Advisor: Prof. Kwonmoo Lee (Biomedical Engineering)
Co-advisor: Prof. Dmitry Korkin (Computer Science)
Reader: Prof. Carolina Ruiz (Computer Science)
Time-lapse fluorescence live cell imaging has been widely used to study various dynamic processes in cell biology. As the initial step of image analysis, it is important to localize and segment cell edges with higher accuracy. However, fluorescence live-cell images usually have issues such as low contrast, noises, uneven illumination in comparison to immunofluorescence images. Deep convolutional neural networks, which learn features directly from training images, have successfully been applied in natural image analysis problems.
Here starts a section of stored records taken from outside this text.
(* Let $S$ be a finite inverse monoid with underlying groupoid $G$, and let $\beta\colon S\to\mathsf{K}(G)$ be the map $\beta(a)=a^{\downarrow}=\{x\in S: x\le a\}$. Let $\alpha\colon S\to T$ be any monoid homomorphism to a Boolean inverse monoid $T$. Then there is a unique morphism of Boolean inverse monoids $\gamma\colon \mathsf{K}(G)\to T$ such that $\gamma\beta=\alpha$.
   Context: An inverse semigroup is a semigroup in which each $s$ has a unique $s^{-1}$ with $s=ss^{-1}s$, $s^{-1}=s^{-1}ss^{-1}$; natural partial order $s\le t$ iff $s=ts^{-1}s$. The underlying groupoid $G$ of $S$ is $S$ with the restricted product $s\cdot t=st$, defined exactly when $s^{-1}s=tt^{-1}$; its identities are the idempotents of $S$, with $\mathbf{d}(s)=s^{-1}s$, $\mathbf{r}(s)=ss^{-1}$. For a groupoid $G$, a local bisection is a subset $A$ with $AA^{-1}$ and $A^{-1}A$ consisting only of identities, where $AB=\{ab:a\in A,b\in B,\mathbf{d}(a)=\mathbf{r}(b)\}$; $\mathsf{K}(G)$ is the inverse monoid of local bisections under this multiplication (it is a Boolean inverse monoid, and $a^{\downarrow}$ is a local bisection). Elements $a,b$ are compatible if $a^{-1}b,ab^{-1}$ are idempotents. A Boolean inverse monoid is an inverse monoid with zero in which finite compatible subsets have joins with respect to $\le$, multiplication distributes over them, and the idempotents form a Boolean algebra. A morphism of Boolean inverse monoids is a monoid homomorphism preserving zero and binary (compatible) joins. *)

theory Defs
  imports "HOL-Library.FuncSet"
begin

definition inverse_monoid :: "'a set \<Rightarrow> ('a \<Rightarrow> 'a \<Rightarrow> 'a) \<Rightarrow> 'a \<Rightarrow> bool" where
  "inverse_monoid M m u \<longleftrightarrow>
     u \<in> M \<and> (\<forall>x\<in>M. \<forall>y\<in>M. m x y \<in> M)
   \<and> (\<forall>x\<in>M. \<forall>y\<in>M. \<forall>z\<in>M. m (m x y) z = m x (m y z))
   \<and> (\<forall>x\<in>M. m u x = x \<and> m x u = x)
   \<and> (\<forall>x\<in>M. \<exists>!y. y \<in> M \<and> x = m (m x y) x \<and> y = m (m y x) y)"

definition monoid_hom :: "'a set \<Rightarrow> ('a \<Rightarrow> 'a \<Rightarrow> 'a) \<Rightarrow> 'a \<Rightarrow>
    'b set \<Rightarrow> ('b \<Rightarrow> 'b \<Rightarrow> 'b) \<Rightarrow> 'b \<Rightarrow> ('a \<Rightarrow> 'b) \<Rightarrow> bool" where
  "monoid_hom M m u N n v f \<longleftrightarrow>
     f \<in> M \<rightarrow> N \<and> (\<forall>x\<in>M. \<forall>y\<in>M. f (m x y) = n (f x) (f y)) \<and> f u = v"

definition invm :: "'a set \<Rightarrow> ('a \<Rightarrow> 'a \<Rightarrow> 'a) \<Rightarrow> 'a \<Rightarrow> 'a" where
  "invm M m x = (THE y. y \<in> M \<and> x = m (m x y) x \<and> y = m (m y x) y)"

definition nleq :: "'a set \<Rightarrow> ('a \<Rightarrow> 'a \<Rightarrow> 'a) \<Rightarrow> 'a \<Rightarrow> 'a \<Rightarrow> bool" where
  "nleq M m s t \<longleftrightarrow> s = m t (m (invm M m s) s)"

definition idems :: "'a set \<Rightarrow> ('a \<Rightarrow> 'a \<Rightarrow> 'a) \<Rightarrow> 'a set" where
  "idems M m = {e \<in> M. m e e = e}"

definition compatible :: "'a set \<Rightarrow> ('a \<Rightarrow> 'a \<Rightarrow> 'a) \<Rightarrow> 'a \<Rightarrow> 'a \<Rightarrow> bool" where
  "compatible M m a b \<longleftrightarrow>
     m (invm M m a) b \<in> idems M m \<and> m a (invm M m b) \<in> idems M m"

definition is_join :: "'a set \<Rightarrow> ('a \<Rightarrow> 'a \<Rightarrow> 'a) \<Rightarrow> 'a set \<Rightarrow> 'a \<Rightarrow> bool" where
  "is_join M m X j \<longleftrightarrow> j \<in> M \<and> (\<forall>x\<in>X. nleq M m x j)
     \<and> (\<forall>y\<in>M. (\<forall>x\<in>X. nleq M m x y) \<longrightarrow> nleq M m j y)"

definition is_lub_E :: "'a set \<Rightarrow> ('a \<Rightarrow> 'a \<Rightarrow> 'a) \<Rightarrow> 'a \<Rightarrow> 'a \<Rightarrow> 'a \<Rightarrow> bool" where
  "is_lub_E M m e f j \<longleftrightarrow> j \<in> idems M m \<and> nleq M m e j \<and> nleq M m f j
     \<and> (\<forall>g\<in>idems M m. nleq M m e g \<and> nleq M m f g \<longrightarrow> nleq M m j g)"

definition is_glb_E :: "'a set \<Rightarrow> ('a \<Rightarrow> 'a \<Rightarrow> 'a) \<Rightarrow> 'a \<Rightarrow> 'a \<Rightarrow> 'a \<Rightarrow> bool" where
  "is_glb_E M m e f j \<longleftrightarrow> j \<in> idems M m \<and> nleq M m j e \<and> nleq M m j f
     \<and> (\<forall>g\<in>idems M m. nleq M m g e \<and> nleq M m g f \<longrightarrow> nleq M m g j)"

definition joinE :: "'a set \<Rightarrow> ('a \<Rightarrow> 'a \<Rightarrow> 'a) \<Rightarrow> 'a \<Rightarrow> 'a \<Rightarrow> 'a" where
  "joinE M m e f = (THE j. is_lub_E M m e f j)"

definition meetE :: "'a set \<Rightarrow> ('a \<Rightarrow> 'a \<Rightarrow> 'a) \<Rightarrow> 'a \<Rightarrow> 'a \<Rightarrow> 'a" where
  "meetE M m e f = (THE j. is_glb_E M m e f j)"

definition idems_boolean :: "'a set \<Rightarrow> ('a \<Rightarrow> 'a \<Rightarrow> 'a) \<Rightarrow> 'a \<Rightarrow> 'a \<Rightarrow> bool" where
  "idems_boolean M m u z \<longleftrightarrow>
     z \<in> idems M m \<and> u \<in> idems M m
   \<and> (\<forall>e\<in>idems M m. nleq M m z e \<and> nleq M m e u)
   \<and> (\<forall>e\<in>idems M m. \<forall>f\<in>idems M m. (\<exists>j. is_lub_E M m e f j) \<and> (\<exists>j. is_glb_E M m e f j))
   \<and> (\<forall>e\<in>idems M m. \<forall>f\<in>idems M m. \<forall>g\<in>idems M m.
        meetE M m e (joinE M m f g) = joinE M m (meetE M m e f) (meetE M m e g))
   \<and> (\<forall>e\<in>idems M m. \<exists>f\<in>idems M m. meetE M m e f = z \<and> joinE M m e f = u)"

definition boolean_inverse_monoid ::
    "'a set \<Rightarrow> ('a \<Rightarrow> 'a \<Rightarrow> 'a) \<Rightarrow> 'a \<Rightarrow> 'a \<Rightarrow> bool" where
  "boolean_inverse_monoid M m u z \<longleftrightarrow>
     inverse_monoid M m u
   \<and> z \<in> M \<and> (\<forall>x\<in>M. m z x = z \<and> m x z = z)
   \<and> (\<forall>X. finite X \<and> X \<subseteq> M \<and> (\<forall>a\<in>X. \<forall>b\<in>X. compatible M m a b)
          \<longrightarrow> (\<exists>j. is_join M m X j))
   \<and> (\<forall>X j. finite X \<and> X \<subseteq> M \<and> (\<forall>a\<in>X. \<forall>b\<in>X. compatible M m a b) \<and> is_join M m X j
          \<longrightarrow> (\<forall>s\<in>M. is_join M m ((\<lambda>x. m s x) ` X) (m s j)
                    \<and> is_join M m ((\<lambda>x. m x s) ` X) (m j s)))
   \<and> idems_boolean M m u z"

definition bim_morphism :: "'a set \<Rightarrow> ('a \<Rightarrow> 'a \<Rightarrow> 'a) \<Rightarrow> 'a \<Rightarrow> 'a \<Rightarrow>
    'b set \<Rightarrow> ('b \<Rightarrow> 'b \<Rightarrow> 'b) \<Rightarrow> 'b \<Rightarrow> 'b \<Rightarrow> ('a \<Rightarrow> 'b) \<Rightarrow> bool" where
  "bim_morphism M m u z N n v w f \<longleftrightarrow>
     monoid_hom M m u N n v f \<and> f z = w
   \<and> (\<forall>a\<in>M. \<forall>b\<in>M. \<forall>j. compatible M m a b \<and> is_join M m {a, b} j
          \<longrightarrow> is_join N n {f a, f b} (f j))"

text \<open>Underlying groupoid of an inverse semigroup: d(s) = s^-1 s, r(s) = s s^-1,
  product s.t = st defined iff d(s) = r(t).  Products and inverses of subsets.\<close>
definition gdom :: "'a set \<Rightarrow> ('a \<Rightarrow> 'a \<Rightarrow> 'a) \<Rightarrow> 'a \<Rightarrow> 'a" where
  "gdom M m s = m (invm M m s) s"

definition gran :: "'a set \<Rightarrow> ('a \<Rightarrow> 'a \<Rightarrow> 'a) \<Rightarrow> 'a \<Rightarrow> 'a" where
  "gran M m s = m s (invm M m s)"

definition gprod :: "'a set \<Rightarrow> ('a \<Rightarrow> 'a \<Rightarrow> 'a) \<Rightarrow> 'a set \<Rightarrow> 'a set \<Rightarrow> 'a set" where
  "gprod M m A B = {m a b | a b. a \<in> A \<and> b \<in> B \<and> gdom M m a = gran M m b}"

definition ginv :: "'a set \<Rightarrow> ('a \<Rightarrow> 'a \<Rightarrow> 'a) \<Rightarrow> 'a set \<Rightarrow> 'a set" where
  "ginv M m A = invm M m ` A"

text \<open>Identities of the groupoid = idempotents of S.\<close>
definition local_bisection :: "'a set \<Rightarrow> ('a \<Rightarrow> 'a \<Rightarrow> 'a) \<Rightarrow> 'a set \<Rightarrow> bool" where
  "local_bisection M m A \<longleftrightarrow> A \<subseteq> M
     \<and> gprod M m A (ginv M m A) \<subseteq> idems M m
     \<and> gprod M m (ginv M m A) A \<subseteq> idems M m"

text \<open>K(G): carrier, multiplication, unit (all identities) and zero (empty set).\<close>
definition KG :: "'a set \<Rightarrow> ('a \<Rightarrow> 'a \<Rightarrow> 'a) \<Rightarrow> 'a set set" where
  "KG M m = {A. local_bisection M m A}"

definition down :: "'a set \<Rightarrow> ('a \<Rightarrow> 'a \<Rightarrow> 'a) \<Rightarrow> 'a \<Rightarrow> 'a set" where
  "down M m a = {x \<in> M. nleq M m x a}"

end

theory Submission
  imports Defs
begin

text \<open>For an idempotent \<open>e\<close> of \<open>S\<close> let \<open>\<epsilon> e\<close> be the relative complement in \<open>\<alpha> e\<close> of
  the join of all \<open>\<alpha> f\<close> with \<open>f < e\<close>. As \<open>S\<close> is finite, induction on \<open>e\<close> shows that
  \<open>\<alpha> e\<close> is the join of the pairwise orthogonal \<open>\<epsilon> f\<close>, \<open>f \<le> e\<close>, and that conjugation by
  \<open>\<alpha> x\<close> carries \<open>\<epsilon> (d x)\<close> to \<open>\<epsilon> (r x)\<close>.

  Uniqueness: a local bisection is the disjoint union of its singletons, \<open>{x} = x\<down> {d x}\<close>,
  and for an idempotent \<open>e\<close> the singleton \<open>{e}\<close> is the complement of \<open>e\<down> - {e}\<close> in \<open>e\<down>\<close>.
  Hence every extension \<open>\<gamma>\<close> of \<open>\<alpha>\<close> satisfies \<open>\<gamma> {e} = \<epsilon> e\<close>, \<open>\<gamma> {x} = \<alpha> x \<epsilon> (d x)\<close> and
  so \<open>\<gamma> A\<close> is the join of the \<open>\<alpha> x \<epsilon> (d x)\<close>, \<open>x \<in> A\<close>.

  Existence: this formula defines a morphism. The summands are pairwise orthogonal because
  the elements of a local bisection have distinct domains and distinct ranges, and the
  conjugation identity \<open>\<alpha> x \<epsilon> (d x) = \<epsilon> (r x) \<alpha> x\<close> shows that the product of two summands
  is the summand of the groupoid product when this is defined, and zero otherwise.\<close>

section \<open>Inverse monoids\<close>

locale inv_monoid =
  fixes M :: "'a set" and mult :: "'a \<Rightarrow> 'a \<Rightarrow> 'a" (infixl "\<cdot>" 70) and one :: 'a
  assumes inverse_monoid: "inverse_monoid M mult one"
begin

lemma one_closed [simp]: "one \<in> M"
  and mult_closed [simp]: "x \<in> M \<Longrightarrow> y \<in> M \<Longrightarrow> x \<cdot> y \<in> M"
  and mult_assoc [simp]: "x \<in> M \<Longrightarrow> y \<in> M \<Longrightarrow> z \<in> M \<Longrightarrow> x \<cdot> y \<cdot> z = x \<cdot> (y \<cdot> z)"
  and one_mult [simp]: "x \<in> M \<Longrightarrow> one \<cdot> x = x"
  and mult_one [simp]: "x \<in> M \<Longrightarrow> x \<cdot> one = x"
  and inverse_unique: "x \<in> M \<Longrightarrow> \<exists>!y. y \<in> M \<and> x = x \<cdot> y \<cdot> x \<and> y = y \<cdot> x \<cdot> y"
  using inverse_monoid unfolding inverse_monoid_def by simp_all

abbreviation iv :: "'a \<Rightarrow> 'a" where "iv x \<equiv> invm M mult x"

lemma inv_spec: "x \<in> M \<Longrightarrow> iv x \<in> M \<and> x = x \<cdot> iv x \<cdot> x \<and> iv x = iv x \<cdot> x \<cdot> iv x"
  unfolding invm_def by (rule theI') (rule inverse_unique)

lemma inv_closed [simp]: "x \<in> M \<Longrightarrow> iv x \<in> M"
  using inv_spec by blast

lemma mult_inv_mult [simp]: "x \<in> M \<Longrightarrow> x \<cdot> (iv x \<cdot> x) = x"
  using inv_spec by (metis mult_assoc inv_closed)

lemma inv_mult_inv [simp]: "x \<in> M \<Longrightarrow> iv x \<cdot> (x \<cdot> iv x) = iv x"
  using inv_spec by (metis mult_assoc inv_closed)

lemma inv_eqI:
  assumes "x \<in> M" "y \<in> M" "x \<cdot> (y \<cdot> x) = x" "y \<cdot> (x \<cdot> y) = y"
  shows "iv x = y"
proof -
  have "y \<in> M \<and> x = x \<cdot> y \<cdot> x \<and> y = y \<cdot> x \<cdot> y" using assms by simp
  then show ?thesis using inverse_unique[OF assms(1)] inv_spec[OF assms(1)] by blast
qed

lemma inv_inv [simp]: "x \<in> M \<Longrightarrow> iv (iv x) = x"
  by (rule inv_eqI) auto

abbreviation E :: "'a set" where "E \<equiv> idems M mult"

lemma idems_iff: "e \<in> E \<longleftrightarrow> e \<in> M \<and> e \<cdot> e = e"
  by (simp add: idems_def)

lemma idems_closed: "e \<in> E \<Longrightarrow> e \<in> M"
  and idems_mult_self: "e \<in> E \<Longrightarrow> e \<cdot> e = e"
  by (simp_all add: idems_iff)

lemma one_idems [simp]: "one \<in> E"
  by (simp add: idems_iff)

lemma inv_idems: "e \<in> E \<Longrightarrow> iv e = e"
  by (rule inv_eqI) (auto simp: idems_iff simp flip: mult_assoc)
We propose a novel framework, vU-net, which combines the advantages of VGG-16 in feature extraction and U-net in feature reconstruction. Moreover, we design an auxiliary convolutional block at the end of the architecture to enhance edge detection. We evaluate our framework using dice coefficient and the distance between the predicted edge and the ground truth on high-resolution image datasets of a adhesion marker, paxillin, acquired by a Total Internal Reflection Fluorescence (TIRF) microscope. Our results demonstrate that, on difficult datasets: (i) The testing dice coefficient of vU-net is 3.2% higher than U-net with the same amount of training images. (ii) vU-net can achieve the best prediction results of U-net with one third of training images needed by U-net . (iii) vU-net produces more robust prediction than U-net. Therefore, vU-net can be more practically applied to challenging live cell movies than U-net since it requires a small size of training sets and achieved accurate segmentation.